Dataset excerpts
(* Let $R$ be a commutative ring with unity in which every zero divisor is harmless. Then every B-irreducible element of $R$ is irreducible.
   Context: A zero divisor $r$ of $R$ is called harmless if there exists a unit $u\in R$ with $r=1-u$. An element $r\in R$ is called irreducible if whenever $r=ab$ with $a,b\in R$, then $a$ is a unit or $b$ is a unit. A non-zero, non-unit element $r\in R$ is called B-irreducible if the principal ideal $(r)$ is a maximal element, with respect to inclusion, of the set of all proper principal ideals of $R$. *)

theory Defs
  imports Main
begin

definition zero_divisor :: "'a::comm_ring_1 \<Rightarrow> bool" where
  "zero_divisor r \<longleftrightarrow> (\<exists>s. s \<noteq> 0 \<and> r * s = 0)"

definition harmless :: "'a::comm_ring_1 \<Rightarrow> bool" where
  "harmless r \<longleftrightarrow> zero_divisor r \<and> (\<exists>u. u dvd 1 \<and> r = 1 - u)"

text \<open>Irreducible in the sense of the paper (no nonzero/nonunit requirement).\<close>
definition irred :: "'a::comm_ring_1 \<Rightarrow> bool" where
  "irred r \<longleftrightarrow> (\<forall>a b. r = a * b \<longrightarrow> a dvd 1 \<or> b dvd 1)"

definition principal_ideal :: "'a::comm_ring_1 \<Rightarrow> 'a set" where
  "principal_ideal r = {r * x | x. True}"

definition B_irreducible :: "'a::comm_ring_1 \<Rightarrow> bool" where
  "B_irreducible r \<longleftrightarrow> r \<noteq> 0 \<and> \<not> r dvd 1 \<and>
     (\<forall>s. principal_ideal s \<noteq> UNIV \<longrightarrow> principal_ideal r \<subseteq> principal_ideal s
          \<longrightarrow> principal_ideal s = principal_ideal r)"

end

theory Submission
  imports Defs
begin

text \<open>If \<open>r = a * b\<close> with \<open>a\<close> a non-unit, maximality of \<open>(r)\<close> among proper principal
  ideals forces \<open>(a) = (r)\<close>, so \<open>a = r * c\<close> and \<open>r * (1 - c * b) = 0\<close>. As \<open>r \<noteq> 0\<close>,
  \<open>1 - c * b\<close> is a zero divisor, hence harmless, so \<open>c * b\<close> is a unit and so is \<open>b\<close>.\<close>

lemma principal_ideal_subset_iff:
  "principal_ideal r \<subseteq> principal_ideal s \<longleftrightarrow> s dvd r"
proof
  assume "principal_ideal r \<subseteq> principal_ideal s"
  moreover have "r \<in> principal_ideal r"
    unfolding principal_ideal_def by (metis (mono_tags) mem_Collect_eq mult_1_right)
  ultimately show "s dvd r"
    by (auto simp: principal_ideal_def)
next
  assume "s dvd r"
  then obtain k where "r = s * k" ..
  then show "principal_ideal r \<subseteq> principal_ideal s"
    by (auto simp: principal_ideal_def mult.assoc)
qed

lemma principal_ideal_eq_UNIV_iff:
  "principal_ideal a = UNIV \<longleftrightarrow> a dvd 1"
proof
  assume "principal_ideal a = UNIV"
  then show "a dvd 1"
    using principal_ideal_subset_iff[of 1 a] by simp
next
  assume "a dvd 1"
  then have "principal_ideal 1 \<subseteq> principal_ideal a"
    by (simp add: principal_ideal_subset_iff)
  moreover have "principal_ideal 1 = UNIV"
    by (simp add: principal_ideal_def)
  ultimately show "principal_ideal a = UNIV"
    by blast
qed

lemma B_irreducible_dvd_nonunit_divisor:
  assumes "B_irreducible r" and "a dvd r" and "\<not> a dvd 1"
  shows "r dvd a"
proof -
  have "principal_ideal a \<noteq> UNIV" "principal_ideal r \<subseteq> principal_ideal a"
    using assms(2,3) by (simp_all only: principal_ideal_eq_UNIV_iff principal_ideal_subset_iff not_False_eq_True)
  with assms(1) have "principal_ideal a = principal_ideal r"
    unfolding B_irreducible_def by blast
  then show ?thesis
    using principal_ideal_subset_iff[of a r] by simp
qed

lemma harmless_one_minus_unit:
  "harmless z \<Longrightarrow> (1 - z) dvd 1"
  by (auto simp: harmless_def)

theorem mainTheorem2:
  fixes r :: "'a::comm_ring_1"
  assumes "\<forall>z::'a. zero_divisor z \<longrightarrow> harmless z"
    and "B_irreducible r"
  shows "irred r"
  unfolding irred_def
proof (intro allI impI)
  fix a b assume rab: "r = a * b"
  show "a dvd 1 \<or> b dvd 1"
  proof (cases "a dvd 1")
    case False
    with rab assms(2) have "r dvd a"
      by (simp add: B_irreducible_dvd_nonunit_divisor)
    then obtain c where "a = r * c" ..
    with rab have "(1 - c * b) * r = 0"
      by (simp add: algebra_simps)
    moreover have "r \<noteq> 0"
      using assms(2) by (simp add: B_irreducible_def)
    ultimately have "zero_divisor (1 - c * b)"
      unfolding zero_divisor_def by blast
    with assms(1) have "harmless (1 - c * b)"
      by blast
    then have "c * b dvd 1"
      using harmless_one_minus_unit by fastforce
    then show ?thesis
      using dvd_mult_right by auto
  qed simp
qed

end
lemma indep_subset: "X \<in> M \<Longrightarrow> Y \<subseteq> X \<Longrightarrow> Y \<in> M"
  using matroid unfolding matroid_def by blast

lemma indep_augment: "X \<in> M \<Longrightarrow> Y \<in> M \<Longrightarrow> card X < card Y \<Longrightarrow> \<exists>y\<in>Y - X. insert y X \<in> M"
  using matroid unfolding matroid_def by blast

lemma empty_indep: "{} \<in> M"
  using matroid unfolding matroid_def by blast

lemma finite_indeps: "finite M"
  using matroid unfolding matroid_def by (meson finite_Pow_iff finite_subset)

lemma basis_indep: "B \<in> bases M \<Longrightarrow> B \<in> M"
  unfolding bases_def by blast

lemma augment_to_card:
  assumes "A \<in> M" "X \<in> M"
  shows "\<exists>Z \<subseteq> X - A. A \<union> Z \<in> M \<and> card X \<le> card (A \<union> Z)"
  using assms(1)
proof (induction "card X - card A" arbitrary: A rule: less_induct)
  case less
  show ?case
  proof (cases "card X \<le> card A")
    case True
    then show ?thesis using less.prems by (intro exI[of _ "{}"]) auto
  next
    case False
    then obtain y where y: "y \<in> X - A" "insert y A \<in> M"
      using indep_augment[OF less.prems \<open>X \<in> M\<close>] by auto
    then have "card X - card (insert y A) < card X - card A"
      using False indep_finite[OF less.prems] by simp
    from less.hyps[OF this y(2)] obtain Z where
      "Z \<subseteq> X - insert y A" "insert y A \<union> Z \<in> M" "card X \<le> card (insert y A \<union> Z)"
      by blast
    then show ?thesis using y by (intro exI[of _ "insert y Z"]) auto
  qed
qed

definition basis_of :: "nat set \<Rightarrow> nat set \<Rightarrow> bool" where
  "basis_of U A \<longleftrightarrow> A \<in> M \<and> A \<subseteq> U \<and> (\<forall>w\<in>U - A. insert w A \<notin> M)"

lemma basis_of_card_le:
  assumes "basis_of U A" "W \<in> M" "W \<subseteq> U"
  shows "card W \<le> card A"
proof (rule ccontr)
  assume "\<not> card W \<le> card A"
  then obtain y where "y \<in> W - A" "insert y A \<in> M"
    using indep_augment[OF _ assms(2), of A] assms(1) unfolding basis_of_def by auto
  then show False using assms unfolding basis_of_def by auto
qed

lemma basis_of_card_eq: "basis_of U A \<Longrightarrow> basis_of U B \<Longrightarrow> card A = card B"
  using basis_of_card_le unfolding basis_of_def by (meson le_antisym)
lemma omega_series_coeff_sums:
  assumes "r > 0"
  shows "(\<lambda>j. omega_series_coeff m k j * exp (- real j * r)) sums omega m k r"
proof -
  define x where "x = exp (-r)"
  have x: "0 < x" "x < 1" using assms by (auto simp: x_def)
  define a b where "a = (real m/2) * (Qpar m k - 1)" and "b = 4 * ((real k/2) * (real k/2 - 1))"
  have "(\<lambda>j. a * (real j * x ^ j) + b * (if even j then real j / 2 * x ^ j else 0))
     sums (a * (x / (1 - x)\<^sup>2) + b * (x\<^sup>2 / (1 - x\<^sup>2)\<^sup>2))"
    by (intro sums_add sums_mult weighted_geometric_sums weighted_geometric_sums_even x)
  moreover have "omega m k r = a * (x / (1 - x)\<^sup>2) + b * (x\<^sup>2 / (1 - x\<^sup>2)\<^sup>2)"
  proof -
    have "x\<^sup>2 < 1" using x by (auto simp: power_less_one_iff)
    hence "1 - x \<noteq> 0" "1 - x\<^sup>2 \<noteq> 0" using x by auto
    thus ?thesis
      unfolding omega_def inverse_sinh_half_squared[OF assms] inverse_sinh_squared[OF assms]
        x_def[symmetric] a_def b_def
      by (simp add: field_simps)
  qed
  moreover have exp_eq: "exp (- real j * r) = x ^ j" for j
    by (simp add: x_def flip: exp_of_nat_mult)
  have "(\<lambda>j. omega_series_coeff m k j * exp (- real j * r))
       = (\<lambda>j. a * (real j * x ^ j) + b * (if even j then real j / 2 * x ^ j else 0))"
    by (rule ext) (simp only: exp_eq omega_series_coeff_def a_def b_def, simp add: algebra_simps)
  ultimately show ?thesis by simp
qed

lemma omega_coeff_eq: "omega_coeff m k = omega_series_coeff m k"
  unfolding omega_coeff_def
proof (rule the_equality)
  show "omega_series_coeff m k 0 = 0 \<and>
        (\<forall>r>0. (\<lambda>j. omega_series_coeff m k j * exp (- real j * r)) sums omega m k r)"
    using omega_series_coeff_sums by (simp add: omega_series_coeff_def)
next
  fix c assume c: "c 0 = 0 \<and> (\<forall>r>0. (\<lambda>j. c j * exp (- real j * r)) sums omega m k r)"
  have "c n - omega_series_coeff m k n = 0" for n
  proof (rule power_series_zero_on_unit_interval)
    fix x :: real assume x: "0 < x" "x < 1"
    define r where "r = - ln x"
    have r: "r > 0" using x by (simp add: r_def)
    have exp_eq: "exp (- real j * r) = x ^ j" for j
      using exp_of_nat_mult[of j "ln x"] x by (simp add: r_def)
    have "(\<lambda>j. c j * exp (- real j * r) - omega_series_coeff m k j * exp (- real j * r))
          sums (omega m k r - omega m k r)"
      using c r omega_series_coeff_sums[OF r] by (intro sums_diff) auto
    thus "(\<lambda>j. (c j - omega_series_coeff m k j) * x ^ j) sums 0"
      by (simp only: exp_eq left_diff_distrib) simp
  qed
  thus "c = omega_series_coeff m k" by auto
qed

» Problem to solve
Reply with nothing but a number: how many lines of the entries above contain the string "meson"?

» Output for this task
2